I share with her that I’ve recently been reading up on how our mental state can determine the chemical signals our brain sends to our immune system, our nervous system.

“Yes,” she says. “Psychoneuroimmunology. It’s changing the way we look at chronic illness.”

“But what you’re saying is a little more novel,” I go on. “You’re saying that the relationship between stress and illness begins in childhood, and that what happens when we are very young might affect our immune system and our health—even decades later?” I ask.

She nods, navigating on her computer screen. “We refer to those early stresses as ‘adverse childhood experiences, or ACEs,’” she explains, pivoting the monitor toward me so I can see the page she’s brought up. “Researchers have been working on ACE studies for a while now. And the research tells us that childhood trauma is a strong predictor of adult illnesses.” She pauses. “We’re a long way from figuring out exactly what this means for patient care, though we have some ideas.”

She pushes a stray, brown hair away from her face and tries to tuck it into her ponytail. It springs back. “It would be hard to imagine that your own childhood stress hasn’t played a significant role in your immune dysfunction and syndromes. Your brain became wired early on to be stress reactive. Your immune system has paid the price.” She pauses, her gaze certain. “It’s paying it still.”

“I don’t see myself as someone who experienced ‘childhood adversity,’” I practically sputter. Blame-the-childhood sounds like a cop-out. I’m proud of how tough and resilient I was during my childhood years. Besides, we’ve all had gut-it-through years as a kid. I’m not interested in blaming the problems I have now on what I couldn’t control back then.

“Professional blind spot, maybe?” Rowland-Seymour muses, kindly.

“I’m trying to imagine how something happening at the age of twelve could determine my health forty years later.”

“Let’s put it this way,” Rowland-Seymour says. She spreads her hands out in the air, giving a minuscule wave with her right fingers. “The early trauma you experienced sparked neural pathways and a pattern of hormone and inflammatory chemical cascades that have impacted you on a cellular level for decades.” She pulls her right hand in, making a light fist that sits in the air in front of me.
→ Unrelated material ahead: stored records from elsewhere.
lemma den_Neg: "den (Neg a) = - den a"
  by (simp add: worlds Compl_eq_Diff_UNIV)

lemma den_Neg_Var: "den (Neg (Var v)) = cube {} {v}"
  by (auto simp: worlds valuation cube_def)

lemma den_Top: "den (Top v0) = cube {} {}"
  by (auto simp: Top_def Imp_def worlds cube_def)

lemma den_Disj: "den (Disj a b) = den a \<union> den b"
  by (auto simp: Disj_def worlds)

lemma den_SPref:
  assumes "den a \<noteq> {}" and "den b \<noteq> {}"
  shows "den (SPref a b) = {w. u (\<sigma> w (den b)) < u (\<sigma> w (den a))}"
  using assms unfolding SPref_def by (auto simp: worlds)

lemma den_SPref_cube:
  assumes "den a = cube S T" "S \<inter> T = {}" and "den b = cube S' T'" "S' \<inter> T' = {}"
  shows "den (SPref a b) = {w. u (w \<union> S' - T') < u (w \<union> S - T)}"
proof -
  have "S \<in> den a" "S' \<in> den b"
    using assms by (auto simp: cube_def)
  then show ?thesis
    using assms by (subst den_SPref) (auto simp: select_cube)
qed

lemma den_CondOb_Var:
  assumes "den a = cube S T" "S \<inter> T = {}" and "q \<notin> S \<union> T"
  shows "den (CondOb a (Var q)) = {w. u (w \<union> S - insert q T) < u (w \<union> insert q S - T)}"
proof -
  have "den (Conj a (Var q)) = cube (insert q S) T"
       "den (Conj a (Neg (Var q))) = cube S (insert q T)"
    using assms(1) by (simp_all add: den_Var den_Neg_Var cube_Int del: sem.simps(1,2))
  from den_SPref_cube[OF this(1) _ this(2)] show ?thesis
    using assms(2,3) unfolding CondOb_def by auto
qed

lemma den_Ob_Var: "den (Ob v0 (Var q)) = {w. u (w - {q}) < u (insert q w)}"
  unfolding Ob_def by (simp add: den_Top den_CondOb_Var)

lemma den_Ob_cube:
  assumes "den b = cube S T" "S \<inter> T = {}" and "S \<union> T \<noteq> {}"
  shows "den (Ob v0 b) = {w. u (\<sigma> w (- cube S T)) < u (w \<union> S - T)}"
proof -
  have "S \<in> cube S T" "- cube S T \<noteq> {}"
    using assms(2,3) by (auto simp: cube_def)
  moreover have "den (Conj (Top v0) b) = cube S T" "den (Conj (Top v0) (Neg b)) = - cube S T"
    using assms(1) by (simp_all add: den_Top den_Neg cube_def del: sem.simps(2))
  ultimately show ?thesis
    using assms(2) unfolding Ob_def CondOb_def by (subst den_SPref) (auto simp: select_cube)
qed

lemma Ob_transfer_worse_violation:
  "den (Conj (Ob v0 (Var p)) (SPref (Neg (Var p)) (Neg (Var q)))) \<subseteq> den (Ob v0 (Var q))"
proof
  have violations: "den (SPref (Neg (Var p)) (Neg (Var q))) = {w. u (w - {q}) < u (w - {p})}"
    using den_SPref_cube[OF den_Neg_Var _ den_Neg_Var] by simp
  fix w assume "w \<in> den (Conj (Ob v0 (Var p)) (SPref (Neg (Var p)) (Neg (Var q))))"
  then have "u (w - {p}) < u (insert p w)" "u (w - {q}) < u (w - {p})"
    by (simp_all add: den_Ob_Var violations)
  then show "w \<in> den (Ob v0 (Var q))"
    by (cases "p \<in> w"; cases "q \<in> w") (auto simp: den_Ob_Var insert_absorb Diff_triv)
qed

lemma Ob_transfer_better_fulfilment:
  "den (Conj (Ob v0 (Var q)) (SPref (Var p) (Var q))) \<subseteq> den (Ob v0 (Var p))"
proof
  have fulfilments: "den (SPref (Var p) (Var q)) = {w. u (insert q w) < u (insert p w)}"
    using den_SPref_cube[OF den_Var _ den_Var] by simp
  fix w assume "w \<in> den (Conj (Ob v0 (Var q)) (SPref (Var p) (Var q)))"
  then have "u (w - {q}) < u (insert q w)" "u (insert q w) < u (insert p w)"
    by (simp_all add: den_Ob_Var fulfilments)
  then show "w \<in> den (Ob v0 (Var p))"
    by (cases "p \<in> w"; cases "q \<in> w") (auto simp: den_Ob_Var insert_absorb Diff_triv)
qed

lemma factual_detachment:
  assumes "p \<noteq> q"
  shows "den (Conj (CondOb (Var p) (Var q)) (Var p)) \<subseteq> den (Ob v0 (Var q))"
proof
  have conditional: "den (CondOb (Var p) (Var q)) = {w. u (w \<union> {p} - {q}) < u (w \<union> {q, p})}"
    using den_CondOb_Var[OF den_Var[of p], of q] assms by simp
  fix w assume "w \<in> den (Conj (CondOb (Var p) (Var q)) (Var p))"
  then have "p \<in> w" "u (w \<union> {p} - {q}) < u (w \<union> {q, p})"
    by (simp_all add: conditional valuation)
  then show "w \<in> den (Ob v0 (Var q))"
    by (simp add: den_Ob_Var insert_absorb)
qed

text \<open>Refining the antecedent by the literal of \<open>r\<close> that already holds at \<open>w\<close> does not
  move either closest world.\<close>

lemma CondOb_refined_by_current_literal:
  assumes "p \<noteq> q" "p \<noteq> r" "q \<noteq> r"
  shows "w \<in> den (CondOb (Var p) (Var q)) \<longleftrightarrow>
    (if r \<in> w then w \<in> den (CondOb (Conj (Var p) (Var r)) (Var q))
     else w \<in> den (CondOb (Conj (Var p) (Neg (Var r))) (Var q)))"
proof -
  have "den (Conj (Var p) (Var r)) = cube {p, r} {}"
       "den (Conj (Var p) (Neg (Var r))) = cube {p} {r}"
    by (auto simp: den_Var den_Neg_Var cube_def simp del: sem.simps(1,2))
  from this[THEN den_CondOb_Var, of q] den_CondOb_Var[OF den_Var[of p], of q] assms
  have refined: "den (CondOb (Conj (Var p) (Var r)) (Var q)) =
                   {w. u (insert p (insert r w) - {q}) < u (insert p (insert q (insert r w)))}"
    and refined_neg: "den (CondOb (Conj (Var p) (Neg (Var r))) (Var q)) =
                   {w. u (insert p w - {q, r}) < u (insert p (insert q w) - {r})}"
    and unrefined: "den (CondOb (Var p) (Var q)) =
                   {w. u (insert p w - {q}) < u (insert p (insert q w))}"
    by (simp_all add: insert_commute)
  show ?thesis
  proof (cases "r \<in> w")
    case True
    then show ?thesis
      by (simp add: refined unrefined insert_absorb)
  next
    case False
    then have "insert p w - {q, r} = insert p w - {q}" "insert p (insert q w) - {r} = insert p (insert q w)"
      using assms by auto
    with False show ?thesis
      by (simp add: refined_neg unrefined)
  qed
qed

lemma CondOb_by_cases:
  assumes "p \<noteq> q" "p \<noteq> r" "q \<noteq> r"
  shows "den (Conj (CondOb (Conj (Var p) (Var r)) (Var q)) (CondOb (Conj (Var p) (Neg (Var r))) (Var q)))
    \<subseteq> den (CondOb (Var p) (Var q))"
proof
  fix w assume "w \<in> den (Conj (CondOb (Conj (Var p) (Var r)) (Var q)) (CondOb (Conj (Var p) (Neg (Var r))) (Var q)))"
  then show "w \<in> den (CondOb (Var p) (Var q))"
    using CondOb_refined_by_current_literal[OF assms, of w] by (simp split: if_splits)
qed

lemma CondOb_split_by_cases:
  assumes "p \<noteq> q" "p \<noteq> r" "q \<noteq> r"
  shows "den (CondOb (Var p) (Var q))
    \<subseteq> den (Disj (CondOb (Conj (Var p) (Var r)) (Var q)) (CondOb (Conj (Var p) (Neg (Var r))) (Var q)))"
proof
  fix w assume "w \<in> den (CondOb (Var p) (Var q))"
  then show "w \<in> den (Disj (CondOb (Conj (Var p) (Var r)) (Var q)) (CondOb (Conj (Var p) (Neg (Var r))) (Var q)))"
    using CondOb_refined_by_current_literal[OF assms, of w] by (simp add: den_Disj split: if_splits)
qed

lemma Ob_by_cases_at:
  assumes "p \<noteq> q"
    and both: "u (\<sigma> w (- cube {p, q} {})) < u (insert p (insert q w))"
    and only_p: "u (\<sigma> w (- cube {p} {q})) < u (insert p w - {q})"
  shows "u (w - {p}) < u (insert p w)"
proof (cases "p \<in> w")
  case False
  then have "\<sigma> w (- cube {p, q} {}) = w" "\<sigma> w (- cube {p} {q}) = w"
    by (simp_all add: select_self cube_def)
  with both only_p False assms show ?thesis
    by (cases "q \<in> w") (auto simp: insert_absorb Diff_triv)
next
  case p: True
  show ?thesis
  proof (cases "q \<in> w")
    case True
    with p have fulfils: "w \<in> cube {p, q} {}" and stay: "\<sigma> w (- cube {p} {q}) = w"
      by (simp_all add: select_self cube_def)
    obtain s where s: "s = p \<or> s = q" and flip: "\<sigma> w (- cube {p, q} {}) = w - {s}"
      by (rule select_compl_cube[OF fulfils]) auto
    have "u (w - {s}) < u w" "u w < u (w - {q})"
      using both only_p p True unfolding flip stay by (simp_all add: insert_absorb)
    with s have "u (w - {p}) < u w"
      by auto
    with p show ?thesis
      by (simp add: insert_absorb)
  next
    case False
    with p have fulfils: "w \<in> cube {p} {q}" and stay: "\<sigma> w (- cube {p, q} {}) = w"
      by (simp_all add: select_self cube_def)
    obtain x where x: "x = w - {p} \<or> x = insert q w" and flip: "\<sigma> w (- cube {p} {q}) = x"
      by (rule select_compl_cube[OF fulfils]) auto
    have "u w < u (insert q w)" "u x < u w"
      using both only_p p False unfolding flip stay by (simp_all add: insert_absorb Diff_triv)
    with x have "u (w - {p}) < u w"
      by auto
    with p show ?thesis
      by (simp add: insert_absorb)
  qed
qed

lemma Ob_by_cases:
  assumes "p \<noteq> q"
  shows "den (Conj (Ob v0 (Conj (Var p) (Var q))) (Ob v0 (Conj (Var p) (Neg (Var q)))))
    \<subseteq> den (Ob v0 (Var p))"
proof
  have "den (Conj (Var p) (Var q)) = cube {p, q} {}"
       "den (Conj (Var p) (Neg (Var q))) = cube {p} {q}"
    by (auto simp: den_Var den_Neg_Var cube_def simp del: sem.simps(1,2))
  from this[THEN den_Ob_cube] assms
  have ob_both: "den (Ob v0 (Conj (Var p) (Var q))) =
                   {w. u (\<sigma> w (- cube {p, q} {})) < u (insert p (insert q w))}"
    and ob_only_p: "den (Ob v0 (Conj (Var p) (Neg (Var q)))) =
                   {w. u (\<sigma> w (- cube {p} {q})) < u (insert p w - {q})}"
    by auto
  fix w assume "w \<in> den (Conj (Ob v0 (Conj (Var p) (Var q))) (Ob v0 (Conj (Var p) (Neg (Var q)))))"
  then have "u (w - {p}) < u (insert p w)"
    by (intro Ob_by_cases_at[OF assms]) (simp_all add: ob_both ob_only_p)
  then show "w \<in> den (Ob v0 (Var p))"
    by (simp add: den_Ob_Var)
qed

end

lemma delta_entailsI:
  "(\<And>W \<sigma> u t. delta W \<sigma> u t \<Longrightarrow> sem W \<sigma> u t a \<subseteq> sem W \<sigma> u t b) \<Longrightarrow> delta_entails a b"
  by (simp add: delta_entails_def delta.intro)

theorem proposition4p2:
  fixes p q r v0 :: 'v
  assumes "p \<noteq> q" and "p \<noteq> r" and "q \<noteq> r"
  shows "delta_entails (Conj (Ob v0 (Var p)) (SPref (Neg (Var p)) (Neg (Var q)))) (Ob v0 (Var q)) \<and>
         delta_entails (Conj (Ob v0 (Var q)) (SPref (Var p) (Var q))) (Ob v0 (Var p)) \<and>
         delta_entails (Conj (CondOb (Var p) (Var q)) (Var p)) (Ob v0 (Var q)) \<and>
         delta_entails (Conj (CondOb (Conj (Var p) (Var r)) (Var q)) (CondOb (Conj (Var p) (Neg (Var r))) (Var q)))
           (CondOb (Var p) (Var q)) \<and>
         delta_entails (CondOb (Var p) (Var q))
           (Disj (CondOb (Conj (Var p) (Var r)) (Var q)) (CondOb (Conj (Var p) (Neg (Var r))) (Var q))) \<and>
         delta_entails (Conj (Ob v0 (Conj (Var p) (Var q))) (Ob v0 (Conj (Var p) (Neg (Var q))))) (Ob v0 (Var p))"
  by (intro conjI delta_entailsI)
    (simp_all only: delta.Ob_transfer_worse_violation delta.Ob_transfer_better_fulfilment
      delta.factual_detachment[OF _ assms(1)] delta.CondOb_by_cases[OF _ assms]
      delta.CondOb_split_by_cases[OF _ assms] delta.Ob_by_cases[OF _ assms(1)])

end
She wiggles the fingers of her left hand. “The stress you face in your daily life now from illness and any other factors adds insult to injury—sparking the same stress reactivity and inflammation cascade that was set in place early on.” She pulls her left hand in and wraps it around her right hand, creating a thick double fist that looks a little like a hammer. “The stress-induced inflammatory response—and inflammatory disease—hits you twice as hard.”

“You mean my stress-induced inflammatory response is stuck in the ‘on’ position, like a gas pedal that’s always pressed to the floor?”

“That’s another way of putting it.” She places a palm firmly on top of the file that contains reports from every – ologist I have. “But you can intervene and begin to change that process now. You’ve tried everything modern medicine has to offer. Including a slew of alternative therapies and dietary changes. But you’re not really seeing as much improvement as you’d like, are you?”

What she says is true, I admit. I’ve not only had a plethora of IVs and drugs put into my body, I’ve swallowed homeopathics and herbal supplements, and been on a half-dozen special elimination diets drinking nothing but vegetable and protein smoothies for months. I’ve worked with complementary health experts to detox and rid my system of everything from parasite infections to candida overgrowth to mercury toxicity. Just in case it might make a difference. And it’s all helped. Here I still am. Walking. Breathing. Still alive.

But it’s a getting-by life. A long way from where I might have hoped to be as a working, married, grown-up woman raising two children in what should be my most productive decades.

She drums her fingers again, her smooth brown eyes smiling. I sense she’s excited—though I’m not sure why. “I know you know nearly everything there is to know about the immune system,” she says. She is familiar with my last book, she says. “But what you really need to translate for people—those for whom Western medicine has done all it can—is this: all the science is pointing to the fact that your brain is your last best cure.”